With updated banking regulations, M&T is now considered a Category IV bank, and its regulatory burden has been reduced. Currently, the bank is only subject to biennial stress tests by the U.S. Federal Reserve, is not subject to any leverage ratio requirements, and is also free from more stringent liquidity requirements.
Economic Uncertainty Adds Risk We view the macroeconomic backdrop as the primary risk to the bank. M&T's profitability is largely determined by the interest-rate cycle and the effects of credit and debt cycles, all of which are not under management's control.
Over the long term, credit quality has been good. However, M&T is not immune to the overall credit environment.

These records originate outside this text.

lemma unique_weights_at_argmax_unique:
  assumes unique: "unique_weights_at \<nu> (Node k cs)" and s: "Node k cs \<in> subtrees T"
    and P: "(k = MAXnode) = wins \<theta> \<nu> T" and pos: "0 < D \<nu> (Node k cs)" and \<nu>: "\<forall>l\<in>leaves T. \<nu> l \<in> X"
    and c: "c1 \<in> set cs" "c2 \<in> set cs" "D \<nu> c1 = D \<nu> (Node k cs)" "D \<nu> c2 = D \<nu> (Node k cs)"
  shows "c1 = c2"
proof (rule ccontr)
  assume "c1 \<noteq> c2"
  obtain ch where ch: "argmax_choice (wins \<theta> \<nu> T) \<nu> ch" using exists_argmax_choice by blast
  define ch1 ch2 where "ch1 = ch(Node k cs := c1)" and "ch2 = ch(Node k cs := c2)"
  have ch1: "argmax_choice (wins \<theta> \<nu> T) \<nu> ch1" and ch2: "argmax_choice (wins \<theta> \<nu> T) \<nu> ch2"
    unfolding ch1_def ch2_def using argmax_choice_update[OF ch] c by auto
  let ?W1 = "choice_weights dv \<theta> (wins \<theta> \<nu> T) \<nu> ch1"
    and ?W2 = "choice_weights dv \<theta> (wins \<theta> \<nu> T) \<nu> ch2"
  have "?W1 c1 \<in> leaf_simplex (leaves c1)"
    using valid_weights_simplex[OF choice_weights_valid[OF \<nu> ch1] \<nu> child_in_subtrees[OF s c(1)]] .
  then have sum1: "sum (?W1 c1) (leaves c1) = 1" by (simp add: leaf_simplex_def)
  have "\<exists>l\<in>leaves c1. ?W1 c1 l \<noteq> 0"
  proof (rule ccontr)
    assume "\<not> (\<exists>l\<in>leaves c1. ?W1 c1 l \<noteq> 0)"
    then have "sum (?W1 c1) (leaves c1) = 0" by (intro sum.neutral) blast
    with sum1 show False by simp
  qed
  then obtain l where l: "l \<in> leaves c1" "?W1 c1 l \<noteq> 0" by blast
  have "?W1 (Node k cs) l = ?W1 c1 l"
    using choice_weights_P[OF ch1 s P pos] l(1) by (simp add: ch1_def)
  moreover have "?W2 (Node k cs) l = 0"
    using choice_weights_P[OF ch2 s P pos] l(1) disjoint_leaves_children_subtree[OF s c(1,2) \<open>c1 \<noteq> c2\<close>]
    by (auto simp: ch2_def)
  moreover have "?W1 (Node k cs) = ?W2 (Node k cs)"
    using unique choice_weights_valid[OF \<nu> ch1] choice_weights_valid[OF \<nu> ch2]
    unfolding unique_weights_at_def by blast
  ultimately show False using l(2) by simp
qed

lemma unique_weights_at_P_child:
  assumes unique: "unique_weights_at \<nu> (Node k cs)" and s: "Node k cs \<in> subtrees T"
    and P: "(k = MAXnode) = wins \<theta> \<nu> T" and pos: "0 < D \<nu> (Node k cs)" and \<nu>: "\<forall>l\<in>leaves T. \<nu> l \<in> X"
    and c: "c \<in> set cs" "D \<nu> c = D \<nu> (Node k cs)"
  shows "unique_weights_at \<nu> c"
  unfolding unique_weights_at_def
proof (intro allI impI)
  fix w w' assume valid: "valid_weights dv \<theta> \<nu> T w" "valid_weights dv \<theta> \<nu> T w'"
  have restrict: "u (Node k cs) = (\<lambda>m. if m \<in> leaves c then u c m else 0)"
    if u: "valid_weights dv \<theta> \<nu> T u" for u
  proof -
    obtain c' where "c' \<in> set cs" "D \<nu> c' = D \<nu> (Node k cs)"
      "u (Node k cs) = (\<lambda>m. if m \<in> leaves c' then u c' m else 0)"
      using valid_weights_P[OF u s P pos] by blast
    moreover have "c' = c"
      using unique_weights_at_argmax_unique[OF unique s P pos \<nu>] c calculation by blast
    ultimately show ?thesis by blast
  qed
  have "w (Node k cs) = w' (Node k cs)" using unique valid unfolding unique_weights_at_def by blast
  then have "w c l = w' c l" if "l \<in> leaves c" for l
    using restrict[OF valid(1)] restrict[OF valid(2)] that by (metis (full_types))
  then show "w c = w' c"
    using valid_weights_simplex[OF _ \<nu> child_in_subtrees[OF s c(1)]] valid by (intro leaf_simplex_eqI) auto
qed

Its exposure to the commercial real estate market is relatively high, and M&T has a presence in expensive markets, like New York and Washington, D.C. If these areas were to experience greater economic troubles, the bank’s earnings could suffer. Like most of its peers, M&T is also subject to the vagaries of interest-rate movements, and rate cuts present a challenge. A reversal of the corporate tax reform would damage M&T’s bottom line. None of these risks are under management’s direct control.
We normally assign our U.S. regional banks a medium uncertainty rating. However, because of COVID-19 and the increasing uncertainty around the economy and the potential downside, we currently assign M&T a high uncertainty rating.
We think M&T is in good financial health. Deposits fund roughly three fourths of total assets. We believe the bank is adequately capitalized, with a common equity Tier 1 ratio of 9.7% as of December 2019.
In our view, poor underwriting is the largest risk to shareholders’ capital in the banking business, and M&T has excelled in this regard. M&T consistently underwrites loans better than its peers, as evidenced by its low charge-offs through multiple cycles, including during the financial crisis of 2007; this allows M&T to maintain cash payouts to shareholders during some of the toughest downturns.